Chemical compounds can be listed using connection
tables and associated chemical structure diagrams, but also by
structural information such as that provided by IUPAC-NIST Chemical
Identifiers (INChI). They can also be found using open semantically
free identifiers such as those provided by PubChem or based on their
common names using Open lexicons; or by systematic chemical name.
XML-based information embedded in the text of digitally published
chemistry documents could refer to one or more of these, to help
readers identify the compounds.
In their first case study, Murray-Rust et al. coded
each molecule mentioned in the article in a simple conversion protocol:
XML-based Chemical Markup Language (CML), giving the molecules their
PubChem Ids. They estimate that the entire coding process took them
the same amount of time as it would take a reader to look up the
molecules in chemical databases. In addition to the PubChem ID, CML
could contain the INChI identifier and meta-data for each molecule.

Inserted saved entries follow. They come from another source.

lemma ex_maximal_left_ideal_containing:
  fixes a :: "'a::ring_1"
  assumes "\<nexists>y. y * a = 1"
  shows "\<exists>M. maximal_left_ideal M \<and> a \<in> M"
proof -
  define S where "S = {L. left_ideal L \<and> a \<in> L \<and> (1::'a) \<notin> L}"
  have "range (\<lambda>r. r * a) \<in> S"
    unfolding S_def left_ideal_def using assms
    by (auto simp: distrib_right[symmetric] mult.assoc[symmetric] image_iff intro: exI[of _ 1])
      (metis mult_zero_left)
  hence "S \<noteq> {}" by blast
  moreover have "\<Union>C \<in> S" if "C \<noteq> {}" "subset.chain S C" for C
  proof -
    have CS: "C \<subseteq> S" and lin: "\<forall>X\<in>C. \<forall>Y\<in>C. X \<subseteq> Y \<or> Y \<subseteq> X"
      using that(2) by (auto simp: subset_chain_def)
    have "x + y \<in> \<Union>C" if xy: "x \<in> \<Union>C" "y \<in> \<Union>C" for x y
    proof -
      obtain X Y where XY: "X \<in> C" "Y \<in> C" "x \<in> X" "y \<in> Y" using xy by blast
      with lin have "X \<subseteq> Y \<or> Y \<subseteq> X" by blast
      with XY CS show ?thesis unfolding S_def left_ideal_def by blast
    qed
    with that(1) CS show ?thesis unfolding S_def left_ideal_def by blast
  qed
  ultimately obtain M where M: "M \<in> S" "\<forall>X\<in>S. M \<subseteq> X \<longrightarrow> X = M"
    using subset_Zorn_nonempty[of S] by blast
  have "maximal_left_ideal M"
    unfolding maximal_left_ideal_def
  proof (intro conjI allI impI)
    show "left_ideal M" "M \<noteq> UNIV" using M unfolding S_def by auto
    fix L assume L: "left_ideal L \<and> M \<subseteq> L"
    show "L = M \<or> L = UNIV"
    proof (cases "1 \<in> L")
      case True
      then show ?thesis using L left_ideal_eq_UNIV_if_one by blast
    next
      case False
      then have "L \<in> S" using L M(1) unfolding S_def by blast
      then show ?thesis using M L by blast
    qed
  qed
  then show ?thesis using M(1) unfolding S_def by blast
qed

lemma left_invertible_one_plus_jacobson:
  fixes j :: "'a::ring_1"
  assumes "j \<in> jacobson"
  shows "\<exists>y. y * (1 + j) = 1"
proof (rule ccontr)
  assume "\<not> ?thesis"
  then obtain M where M: "maximal_left_ideal M" "1 + j \<in> M"
    using ex_maximal_left_ideal_containing by blast
  have ideal: "left_ideal M" using M(1) unfolding maximal_left_ideal_def by blast
  have "j \<in> M" using M(1) assms unfolding jacobson_def by blast
  then have "1 + j + (-1) * j \<in> M" using ideal M(2) unfolding left_ideal_def by blast
  then have "M = UNIV" using ideal left_ideal_eq_UNIV_if_one by simp
  then show False using M(1) unfolding maximal_left_ideal_def by blast
qed

lemma is_unit_r_if_left_right_inverse:
  fixes x :: "'a::ring_1"
  assumes "l * x = 1" "x * r = 1"
  shows "is_unit_r x"
proof -
  have "l = r" by (metis assms mult.assoc mult.left_neutral mult.right_neutral)
  then show ?thesis using assms unfolding is_unit_r_def by blast
qed

lemma is_unit_r_mult: "is_unit_r x \<Longrightarrow> is_unit_r y \<Longrightarrow> is_unit_r (x * (y::'a::ring_1))"
  unfolding is_unit_r_def
proof (elim exE conjE)
  fix x' y' assume "x * x' = 1" "x' * x = 1" "y * y' = 1" "y' * y = 1"
  then show "\<exists>z. x * y * z = 1 \<and> z * (x * y) = 1"
    by (intro exI[of _ "y' * x'"]) (simp add: mult.assoc flip: mult.assoc[of y] mult.assoc[of x'])
qed

lemma is_unit_r_one_plus_jacobson:
  fixes j :: "'a::ring_1"
  assumes "j \<in> jacobson"
  shows "is_unit_r (1 + j)"
proof -
  obtain y where y: "y * (1 + j) = 1" using left_invertible_one_plus_jacobson[OF assms] by blast
  have "y = 1 + (- y) * j" using y by (simp add: algebra_simps)
  moreover have "(- y) * j \<in> jacobson" using jacobson_mult_left[OF assms] .
  ultimately obtain z where z: "z * y = 1" using left_invertible_one_plus_jacobson by metis
  have "z = 1 + j" by (metis y z mult.assoc mult.left_neutral mult.right_neutral)
  then show ?thesis using y z is_unit_r_if_left_right_inverse by blast
qed

lemma local_ring_one_notin_jacobson:
  assumes "local_ring TYPE('a::ring_1)"
  shows "(1::'a) \<notin> jacobson"
proof
  assume "(1::'a) \<in> jacobson"
  then have "r \<in> (jacobson :: 'a set)" for r using jacobson_mult_left[of 1 r] by simp
  then show False using assms unfolding local_ring_def by blast
qed

lemma local_ring_one_minus_notin_jacobson:
  assumes "local_ring TYPE('a::ring_1)" "(x::'a) \<in> jacobson"
  shows "1 - x \<notin> jacobson"
  using jacobson_add[OF assms(2), of "1 - x"] local_ring_one_notin_jacobson[OF assms(1)] by auto

lemma local_ring_is_unit_r_iff:
  fixes x :: "'a::ring_1"
  assumes "local_ring TYPE('a)"
  shows "is_unit_r x \<longleftrightarrow> x \<notin> jacobson"
proof
  assume "is_unit_r x"
  then obtain y where "y * x = 1" unfolding is_unit_r_def by blast
  then show "x \<notin> jacobson"
    using jacobson_mult_left[of x y] local_ring_one_notin_jacobson[OF assms] by auto
next
  assume "x \<notin> jacobson"
  then obtain y where y: "x * y - 1 \<in> jacobson" "y * x - 1 \<in> jacobson"
    using assms unfolding local_ring_def by blast
  obtain r where "x * y * r = 1"
    using is_unit_r_one_plus_jacobson[OF y(1)] unfolding is_unit_r_def by auto
  moreover obtain l where "l * (y * x) = 1"
    using is_unit_r_one_plus_jacobson[OF y(2)] unfolding is_unit_r_def by auto
  ultimately show "is_unit_r x"
    using is_unit_r_if_left_right_inverse[of "l * y" x "y * r"] by (simp add: mult.assoc)
qed

lemma local_ring_jacobson_conj:
  fixes x :: "'a::ring_1"
  assumes L: "local_ring TYPE('a)" and b: "b * b' = 1" "b' * b = 1" and x: "x \<in> jacobson"
  shows "b * x * b' \<in> jacobson"
proof (rule ccontr)
  assume "b * x * b' \<notin> jacobson"
  then have "is_unit_r (b * x * b')" using local_ring_is_unit_r_iff[OF L] by blast
  moreover have "is_unit_r b" "is_unit_r b'" using b unfolding is_unit_r_def by blast+
  ultimately have "is_unit_r (b' * (b * x * b') * b)" using is_unit_r_mult by blast
  moreover have "b' * (b * x * b') * b = (b' * b) * x * (b' * b)"
    by (simp add: mult.assoc)
  ultimately show False using b x local_ring_is_unit_r_iff[OF L] by simp
qed

lemma central_power2_commute: "central s \<Longrightarrow> x * s^2 = s^2 * (x::'a::ring_1)"
  unfolding central_def by (metis mult.assoc power2_eq_square)

lemma central_jacobson_power2_mult:
  fixes s :: "'a::ring_1"
  assumes "central s" "s \<in> jacobson"
  shows "s^2 * x \<in> jacobson"
proof -
  have "s^2 * x = (x * s) * s"
    using central_power2_commute[OF assms(1)] by (simp add: power2_eq_square mult.assoc)
  then show ?thesis using jacobson_mult_left[OF assms(2), of "x * s"] by simp
qed

lemma mmul_assoc:
  assumes "central s"
  shows "mmul s (mmul s A B) C = mmul s A (mmul s B C)"
proof -
  have "x * (s^2 * y) = s^2 * (x * y)" for x y
    by (metis central_power2_commute[OF assms] mult.assoc)
  then show ?thesis by (cases A; cases B; cases C) (simp add: algebra_simps)
qed

lemma mmul_mone_left [simp]: "mmul s mone A = A"
  by (cases A) (simp add: mone_def)

lemma mmul_mone_right [simp]: "mmul s A mone = A"
  by (cases A) (simp add: mone_def)

lemma mmul_inverse_mmul:
  assumes "central s" "mmul s P Q = mone" "mmul s P' Q' = mone"
  shows "mmul s (mmul s P P') (mmul s Q' Q) = mone"
  using assms by (simp add: mmul_assoc flip: mmul_assoc[of s P'])

lemma is_unit_m_mmul:
  assumes "central s" "is_unit_m s P" "is_unit_m s P'"
  shows "is_unit_m s (mmul s P P')"
  using assms mmul_inverse_mmul[OF assms(1)] unfolding is_unit_m_def by metis

lemma similar_m_refl: "similar_m s A A"
  unfolding similar_m_def by (rule exI[of _ mone], rule exI[of _ mone]) simp

lemma similar_m_trans:
  assumes c: "central s" and "similar_m s A B" "similar_m s B C"
  shows "similar_m s A C"
proof -
  obtain P Q where PQ: "mmul s P Q = mone" "mmul s Q P = mone" "B = mmul s (mmul s Q A) P"
    using assms(2) unfolding similar_m_def by blast
  obtain P' Q' where PQ': "mmul s P' Q' = mone" "mmul s Q' P' = mone" "C = mmul s (mmul s Q' B) P'"
    using assms(3) unfolding similar_m_def by blast
  have "C = mmul s (mmul s (mmul s Q' Q) A) (mmul s P P')"
    by (simp only: PQ'(3) PQ(3) mmul_assoc[OF c])
  then show ?thesis
    unfolding similar_m_def using mmul_inverse_mmul[OF c] PQ PQ' by blast
qed
(* If $\mathcal{H}$ is a Hilbert space with $\dim\mathcal{H}>2$, then the spectral sheaf $p:E\to\mathcal{W}$ has no global sections, i.e. there is no continuous map $\tau:\mathcal{W}\to E$ with $p\circ\tau=1_{\mathcal{W}}$.
   Context: Let $L(\mathcal{H})$ be the complete orthomodular lattice of closed subspaces of the (complex) Hilbert space $\mathcal{H}$ ordered by inclusion, $\mathcal{W}$ the family of all Boolean subalgebras of $L(\mathcal{H})$ ordered by inclusion, and $\mathbf{2}$ the two-element Boolean algebra. For a poset, the topology used has as open sets exactly the decreasing (downward closed) subsets; $\mathcal{W}$ carries this topology. Let $E=\{(W,f): W\in\mathcal{W},\ f:W\to\mathbf{2}\text{ a Boolean homomorphism}\}$, ordered by $(W_1,f_1)\le(W_2,f_2)$ iff $W_1\subseteq W_2$ and $f_1=f_2|_{W_1}$, with the topology of decreasing sets. The spectral sheaf is $p:E\to\mathcal{W}$, $p(W,f)=W$. *)

theory Defs
  imports "HOL-Analysis.Analysis" "HOL-Library.FuncSet"
begin

text \<open>A complex Hilbert space is modelled as a complete real normed vector type 'a
  together with a complex scalar multiplication smul (extending the real one) and a
  complex inner product ip (conjugate-linear in the first argument) inducing the norm.
  The topology and completeness are those of the norm.\<close>

definition complex_hilbert ::
  "(complex \<Rightarrow> 'a::{real_normed_vector, complete_space} \<Rightarrow> 'a) \<Rightarrow> ('a \<Rightarrow> 'a \<Rightarrow> complex) \<Rightarrow> bool" where
  "complex_hilbert smul ip \<longleftrightarrow>
     (\<forall>a b x. smul (a + b) x = smul a x + smul b x) \<and>
     (\<forall>a x y. smul a (x + y) = smul a x + smul a y) \<and>
     (\<forall>a b x. smul (a * b) x = smul a (smul b x)) \<and>
     (\<forall>x. smul 1 x = x) \<and>
     (\<forall>r x. smul (complex_of_real r) x = scaleR r x) \<and>
     (\<forall>x y z. ip (x + y) z = ip x z + ip y z) \<and>
     (\<forall>c x y. ip (smul c x) y = cnj c * ip x y) \<and>
     (\<forall>x y. ip y x = cnj (ip x y)) \<and>
     (\<forall>x. norm x = sqrt (Re (ip x x)))"

definition dim_gt_2 :: "(complex \<Rightarrow> 'a::real_normed_vector \<Rightarrow> 'a) \<Rightarrow> bool" where
  "dim_gt_2 smul \<longleftrightarrow> (\<exists>u v w. \<forall>a b c.
      smul a u + smul b v + smul c w = 0 \<longrightarrow> a = 0 \<and> b = 0 \<and> c = 0)"

definition closed_subspace :: "(complex \<Rightarrow> 'a::real_normed_vector \<Rightarrow> 'a) \<Rightarrow> 'a set \<Rightarrow> bool" where
  "closed_subspace smul S \<longleftrightarrow> 0 \<in> S \<and> (\<forall>x\<in>S. \<forall>y\<in>S. x + y \<in> S) \<and>
      (\<forall>c. \<forall>x\<in>S. smul c x \<in> S) \<and> closed S"

definition LH :: "(complex \<Rightarrow> 'a::real_normed_vector \<Rightarrow> 'a) \<Rightarrow> 'a set set" where
  "LH smul = {S. closed_subspace smul S}"

text \<open>Lattice operations of L(H): meet is intersection, join is the closed linear span of
  the union (closure of the sum), orthocomplement w.r.t. the inner product.\<close>
definition sjoin :: "'a::real_normed_vector set \<Rightarrow> 'a set \<Rightarrow> 'a set" where
  "sjoin S T = closure {x + y | x y. x \<in> S \<and> y \<in> T}"
definition dq_isomorphic :: "('b, 'm) dqalg_scheme \<Rightarrow> ('c, 'n) dqalg_scheme \<Rightarrow> bool" where
  "dq_isomorphic A B \<longleftrightarrow> (\<exists>h. dq_iso A B h)"

end

theory Submission imports Defs "HOL-Library.Disjoint_Sets" begin

(* Because the X_i are pairwise disjoint, every relation in sight is block diagonal, and on
   block-diagonal relations the relational operations act blockwise: union over i commutes with
   composition, converse and intersection, and restriction to a block X_i x X_i commutes with
   composition, converse and complement relative to E. Being a partial order, an equivalence, an
   order automorphism (R^-1 O le O R = le), a dual order automorphism (R^-1 O le O R = le^-1) or
   self-inverse (R O R = Id) are relational equations and inclusions, so they pass from the
   blocks to the union. The isomorphism Dq(E) -> prod_i Dq(E_i) sends an up-set R to its
   restrictions R cap (X_i x X_i); its inverse is the union of the components. *)

lemma trans_iff_relcomp_subset: "trans r \<longleftrightarrow> r O r \<subseteq> r"
  unfolding trans_def by blast

lemma antisym_iff_Int_converse_subset_Id: "antisym r \<longleftrightarrow> r \<inter> r\<inverse> \<subseteq> Id"
  unfolding antisym_def by blast

lemma rel_bij_on_transport_iff:
  assumes bij: "rel_bij_on X R" and P: "P \<subseteq> X \<times> X" and Q: "Q \<subseteq> X \<times> X"
  shows "(\<forall>x y x' y'. (x, x') \<in> R \<longrightarrow> (y, y') \<in> R \<longrightarrow> ((x, y) \<in> P \<longleftrightarrow> (x', y') \<in> Q))
    \<longleftrightarrow> R\<inverse> O P O R = Q"
proof -
  have R: "R \<subseteq> X \<times> X" and pre: "\<And>y. y \<in> X \<Longrightarrow> \<exists>!x. (x, y) \<in> R"
    using bij unfolding rel_bij_on_def rel_fun_on_def by auto
  have inj: "x = z" if "(x, y) \<in> R" "(z, y) \<in> R" for x y z
    using pre[of y] that R by blast
  show ?thesis
  proof
    assume transport: "\<forall>x y x' y'. (x, x') \<in> R \<longrightarrow> (y, y') \<in> R \<longrightarrow> ((x, y) \<in> P \<longleftrightarrow> (x', y') \<in> Q)"
    show "R\<inverse> O P O R = Q"
    proof (intro equalityI subsetI)
      fix p assume "p \<in> R\<inverse> O P O R"
      with transport show "p \<in> Q" by blast
    next
      fix p assume "p \<in> Q"
      with Q obtain x' y' where p: "p = (x', y')" "x' \<in> X" "y' \<in> X" by blast
      with pre obtain x y where "(x, x') \<in> R" "(y, y') \<in> R" by metis
      with transport p \<open>p \<in> Q\<close> show "p \<in> R\<inverse> O P O R" by blast
    qed
  next
    assume "R\<inverse> O P O R = Q"
    then show "\<forall>x y x' y'. (x, x') \<in> R \<longrightarrow> (y, y') \<in> R \<longrightarrow> ((x, y) \<in> P \<longleftrightarrow> (x', y') \<in> Q)"
      using inj by blast
  qed
qed

lemma order_aut_iff_relcomp:
  assumes "le \<subseteq> X \<times> X"
  shows "order_aut X le R \<longleftrightarrow> rel_bij_on X R \<and> R\<inverse> O le O R = le"
  unfolding order_aut_def by (intro conj_cong refl) (rule rel_bij_on_transport_iff[OF _ assms assms])

lemma dual_order_aut_iff_relcomp:
  assumes "le \<subseteq> X \<times> X"
  shows "dual_order_aut X le R \<longleftrightarrow> rel_bij_on X R \<and> R\<inverse> O le O R = le\<inverse>"
proof -
  have "le\<inverse> \<subseteq> X \<times> X"
    using assms by blast
  then show ?thesis
    unfolding dual_order_aut_def
    by (intro conj_cong refl) (simp add: rel_bij_on_transport_iff[OF _ assms, symmetric])
qed

lemma converse_Int_Times_self: "R\<inverse> \<inter> (A \<times> A) = (R \<inter> (A \<times> A))\<inverse>"
  by blast

lemma Id_on_UN: "Id_on (\<Union>i\<in>I. X i) = (\<Union>i\<in>I. Id_on (X i))"
  by auto

context
  fixes X :: "'i \<Rightarrow> 'a set" and I :: "'i set"
  assumes disjoint: "disjoint_family_on X I"
begin

lemma block_index_unique: "i \<in> I \<Longrightarrow> j \<in> I \<Longrightarrow> x \<in> X i \<Longrightarrow> x \<in> X j \<Longrightarrow> i = j"
  using disjoint unfolding disjoint_family_on_def by blast

lemma UN_blocks_mem_iff:
  assumes R: "\<And>j. j \<in> I \<Longrightarrow> R j \<subseteq> X j \<times> X j" and i: "i \<in> I" and "x \<in> X i \<or> y \<in> X i"
  shows "(x, y) \<in> (\<Union>j\<in>I. R j) \<longleftrightarrow> (x, y) \<in> R i"
proof
  assume "(x, y) \<in> (\<Union>j\<in>I. R j)"
  then obtain j where j: "j \<in> I" "(x, y) \<in> R j" by blast
  then have "x \<in> X j" "y \<in> X j"
    using R by auto
  then have "j = i"
    using block_index_unique[OF j(1) i] assms(3) by blast
  with j show "(x, y) \<in> R i" by simp
qed (use i in blast)

lemma UN_Int_block:
  assumes R: "\<And>j. j \<in> I \<Longrightarrow> R j \<subseteq> X j \<times> X j" and i: "i \<in> I"
  shows "(\<Union>j\<in>I. R j) \<inter> (X i \<times> X i) = R i"
  using UN_blocks_mem_iff[OF R i] R[OF i] by auto

lemma UN_relcomp_blocks:
  assumes R: "\<And>i. i \<in> I \<Longrightarrow> R i \<subseteq> X i \<times> X i" and S: "\<And>i. i \<in> I \<Longrightarrow> S i \<subseteq> X i \<times> X i"
  shows "(\<Union>i\<in>I. R i) O (\<Union>i\<in>I. S i) = (\<Union>i\<in>I. R i O S i)"
proof (intro equalityI subsetI)
  fix p assume "p \<in> (\<Union>i\<in>I. R i) O (\<Union>i\<in>I. S i)"
  then obtain x y z i where p: "p = (x, z)" "i \<in> I" "(x, y) \<in> R i" "(y, z) \<in> (\<Union>i\<in>I. S i)"
    by blast
  then have "(y, z) \<in> S i"
    using R[OF p(2)] UN_blocks_mem_iff[OF S p(2)] by blast
  with p show "p \<in> (\<Union>i\<in>I. R i O S i)" by blast
qed blast

lemma UN_relcomp3_blocks:
  assumes P: "\<And>i. i \<in> I \<Longrightarrow> P i \<subseteq> X i \<times> X i"
    and Q: "\<And>i. i \<in> I \<Longrightarrow> Q i \<subseteq> X i \<times> X i" and R: "\<And>i. i \<in> I \<Longrightarrow> R i \<subseteq> X i \<times> X i"
  shows "(\<Union>i\<in>I. P i) O (\<Union>i\<in>I. Q i) O (\<Union>i\<in>I. R i) = (\<Union>i\<in>I. P i O Q i O R i)"
proof -
  have QR: "Q i O R i \<subseteq> X i \<times> X i" if "i \<in> I" for i
    using Q[OF that] R[OF that] by blast
  show ?thesis
    using UN_relcomp_blocks[OF Q R] UN_relcomp_blocks[OF P QR] by simp
qed

lemma UN_Int_blocks:
  assumes R: "\<And>i. i \<in> I \<Longrightarrow> R i \<subseteq> X i \<times> X i" and S: "\<And>i. i \<in> I \<Longrightarrow> S i \<subseteq> X i \<times> X i"
  shows "(\<Union>i\<in>I. R i) \<inter> (\<Union>i\<in>I. S i) = (\<Union>i\<in>I. R i \<inter> S i)"
proof (intro equalityI subrelI)
  fix x y assume "(x, y) \<in> (\<Union>i\<in>I. R i) \<inter> (\<Union>i\<in>I. S i)"
  then obtain i where p: "i \<in> I" "(x, y) \<in> R i" "(x, y) \<in> (\<Union>i\<in>I. S i)"
    by blast
  then have "(x, y) \<in> S i"
    using R[OF p(1)] UN_blocks_mem_iff[OF S p(1)] by blast
  with p show "(x, y) \<in> (\<Union>i\<in>I. R i \<inter> S i)" by blast
qed blast

lemma relcomp_Int_block:
  assumes "i \<in> I" and "R \<subseteq> (\<Union>j\<in>I. X j \<times> X j)"
  shows "(R O S) \<inter> (X i \<times> X i) = (R \<inter> (X i \<times> X i)) O (S \<inter> (X i \<times> X i))"
  using assms block_index_unique by fast

lemma partial_order_on_UN_blocks:
  assumes "\<And>i. i \<in> I \<Longrightarrow> partial_order_on (X i) (r i)"
  shows "partial_order_on (\<Union>i\<in>I. X i) (\<Union>i\<in>I. r i)"
proof -
  have r: "r i \<subseteq> X i \<times> X i" "refl_on (X i) (r i)" "r i O r i \<subseteq> r i" "r i \<inter> (r i)\<inverse> \<subseteq> Id"
    if "i \<in> I" for i
    using assms[OF that]
    by (simp_all add: partial_order_on_def preorder_on_def trans_iff_relcomp_subset
        antisym_iff_Int_converse_subset_Id)
  have r_conv: "(r i)\<inverse> \<subseteq> X i \<times> X i" if "i \<in> I" for i
    using r(1)[OF that] by blast
  have "(\<Union>i\<in>I. r i) \<subseteq> (\<Union>i\<in>I. X i) \<times> (\<Union>i\<in>I. X i)"
    using r(1) by blast
  moreover have "refl_on (\<Union>i\<in>I. X i) (\<Union>i\<in>I. r i)"
    using r(2) unfolding refl_on_def by blast
  moreover have "(\<Union>i\<in>I. r i) O (\<Union>i\<in>I. r i) \<subseteq> (\<Union>i\<in>I. r i)"
    using r(3) by (auto simp: UN_relcomp_blocks[OF r(1) r(1)])
  moreover have "(\<Union>i\<in>I. r i) \<inter> (\<Union>i\<in>I. r i)\<inverse> \<subseteq> Id"
    using r(4) by (auto simp: converse_UNION UN_Int_blocks[OF r(1) r_conv])
  ultimately show ?thesis
    by (simp add: partial_order_on_def preorder_on_def trans_iff_relcomp_subset
        antisym_iff_Int_converse_subset_Id)
qed

lemma equiv_UN_blocks:
  assumes "\<And>i. i \<in> I \<Longrightarrow> equiv (X i) (r i)"
  shows "equiv (\<Union>i\<in>I. X i) (\<Union>i\<in>I. r i)"
proof -
  have r: "r i \<subseteq> X i \<times> X i" "refl_on (X i) (r i)" "(r i)\<inverse> = r i" "r i O r i \<subseteq> r i"
    if "i \<in> I" for i
    using assms[OF that] by (simp_all add: equiv_def sym_conv_converse_eq trans_iff_relcomp_subset)
  have "(\<Union>i\<in>I. r i) \<subseteq> (\<Union>i\<in>I. X i) \<times> (\<Union>i\<in>I. X i)"
    using r(1) by blast
  moreover have "refl_on (\<Union>i\<in>I. X i) (\<Union>i\<in>I. r i)"
    using r(2) unfolding refl_on_def by blast
  moreover have "(\<Union>i\<in>I. r i)\<inverse> = (\<Union>i\<in>I. r i)"
    using r(3) by (simp add: converse_UNION)
  moreover have "(\<Union>i\<in>I. r i) O (\<Union>i\<in>I. r i) \<subseteq> (\<Union>i\<in>I. r i)"
    using r(4) by (auto simp: UN_relcomp_blocks[OF r(1) r(1)])
  ultimately show ?thesis
    by (simp add: equiv_def sym_conv_converse_eq trans_iff_relcomp_subset)
qed

lemma rel_bij_on_UN_blocks:
  assumes bij: "\<And>i. i \<in> I \<Longrightarrow> rel_bij_on (X i) (R i)"
  shows "rel_bij_on (\<Union>i\<in>I. X i) (\<Union>i\<in>I. R i)"
proof -
  have R: "R i \<subseteq> X i \<times> X i" if "i \<in> I" for i
    using bij[OF that] unfolding rel_bij_on_def rel_fun_on_def by blast
  show ?thesis
    unfolding rel_bij_on_def rel_fun_on_def
  proof (intro conjI ballI)
    show "(\<Union>i\<in>I. R i) \<subseteq> (\<Union>i\<in>I. X i) \<times> (\<Union>i\<in>I. X i)"
      using R by blast
  next
    fix x assume "x \<in> (\<Union>i\<in>I. X i)"
    then obtain i where i: "i \<in> I" "x \<in> X i" by blast
    have "\<exists>!y. (x, y) \<in> R i"
      using bij[OF i(1)] i(2) unfolding rel_bij_on_def rel_fun_on_def by blast
    then show "\<exists>!y. (x, y) \<in> (\<Union>i\<in>I. R i)"
      using UN_blocks_mem_iff[OF R i(1)] i(2) by simp
  next
    fix y assume "y \<in> (\<Union>i\<in>I. X i)"
    then obtain i where i: "i \<in> I" "y \<in> X i" by blast
    have "\<exists>!x. (x, y) \<in> R i"
      using bij[OF i(1)] i(2) unfolding rel_bij_on_def rel_fun_on_def by blast
    then show "\<exists>!x. (x, y) \<in> (\<Union>i\<in>I. R i)"
      using UN_blocks_mem_iff[OF R i(1)] i(2) by simp
  qed
qed

lemma order_aut_UN_blocks:
  assumes le: "\<And>i. i \<in> I \<Longrightarrow> le i \<subseteq> X i \<times> X i"
    and aut: "\<And>i. i \<in> I \<Longrightarrow> order_aut (X i) (le i) (R i)"
  shows "order_aut (\<Union>i\<in>I. X i) (\<Union>i\<in>I. le i) (\<Union>i\<in>I. R i)"
proof -
  have bij: "rel_bij_on (X i) (R i)" and conj: "(R i)\<inverse> O le i O R i = le i" if "i \<in> I" for i
    using aut[OF that] by (simp_all add: order_aut_iff_relcomp[OF le[OF that]])
  have R: "R i \<subseteq> X i \<times> X i" and R_conv: "(R i)\<inverse> \<subseteq> X i \<times> X i" if "i \<in> I" for i
    using bij[OF that] unfolding rel_bij_on_def rel_fun_on_def by blast+
  have "(\<Union>i\<in>I. R i)\<inverse> O (\<Union>i\<in>I. le i) O (\<Union>i\<in>I. R i) = (\<Union>i\<in>I. le i)"
    using UN_relcomp3_blocks[OF R_conv le R] conj by (simp add: converse_UNION)
  moreover have "(\<Union>i\<in>I. le i) \<subseteq> (\<Union>i\<in>I. X i) \<times> (\<Union>i\<in>I. X i)"
    using le by blast
  ultimately show ?thesis
    using rel_bij_on_UN_blocks[OF bij] by (simp add: order_aut_iff_relcomp)
qed

lemma dual_order_aut_UN_blocks:
  assumes le: "\<And>i. i \<in> I \<Longrightarrow> le i \<subseteq> X i \<times> X i"
    and aut: "\<And>i. i \<in> I \<Longrightarrow> dual_order_aut (X i) (le i) (R i)"
  shows "dual_order_aut (\<Union>i\<in>I. X i) (\<Union>i\<in>I. le i) (\<Union>i\<in>I. R i)"
proof -
  have bij: "rel_bij_on (X i) (R i)" and conj: "(R i)\<inverse> O le i O R i = (le i)\<inverse>" if "i \<in> I" for i
    using aut[OF that] by (simp_all add: dual_order_aut_iff_relcomp[OF le[OF that]])
  have R: "R i \<subseteq> X i \<times> X i" and R_conv: "(R i)\<inverse> \<subseteq> X i \<times> X i" if "i \<in> I" for i
    using bij[OF that] unfolding rel_bij_on_def rel_fun_on_def by blast+
  have "(\<Union>i\<in>I. R i)\<inverse> O (\<Union>i\<in>I. le i) O (\<Union>i\<in>I. R i) = (\<Union>i\<in>I. le i)\<inverse>"
    using UN_relcomp3_blocks[OF R_conv le R] conj by (simp add: converse_UNION)
  moreover have "(\<Union>i\<in>I. le i) \<subseteq> (\<Union>i\<in>I. X i) \<times> (\<Union>i\<in>I. X i)"
    using le by blast
  ultimately show ?thesis
    using rel_bij_on_UN_blocks[OF bij] by (simp add: dual_order_aut_iff_relcomp)
qed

For the second article, they show that, even using an automated system,
looking for information about chemical compounds mentioned in the
article takes around 45 minutes. This could have been avoided if the
compound had been marked up and linked to connection tables and open
databases. In the third article, the name of one compound had been
misspelt and others were unclear. This made it difficult for
text-mining robots to find information about the compounds, and not
all the data needed was retrieved. |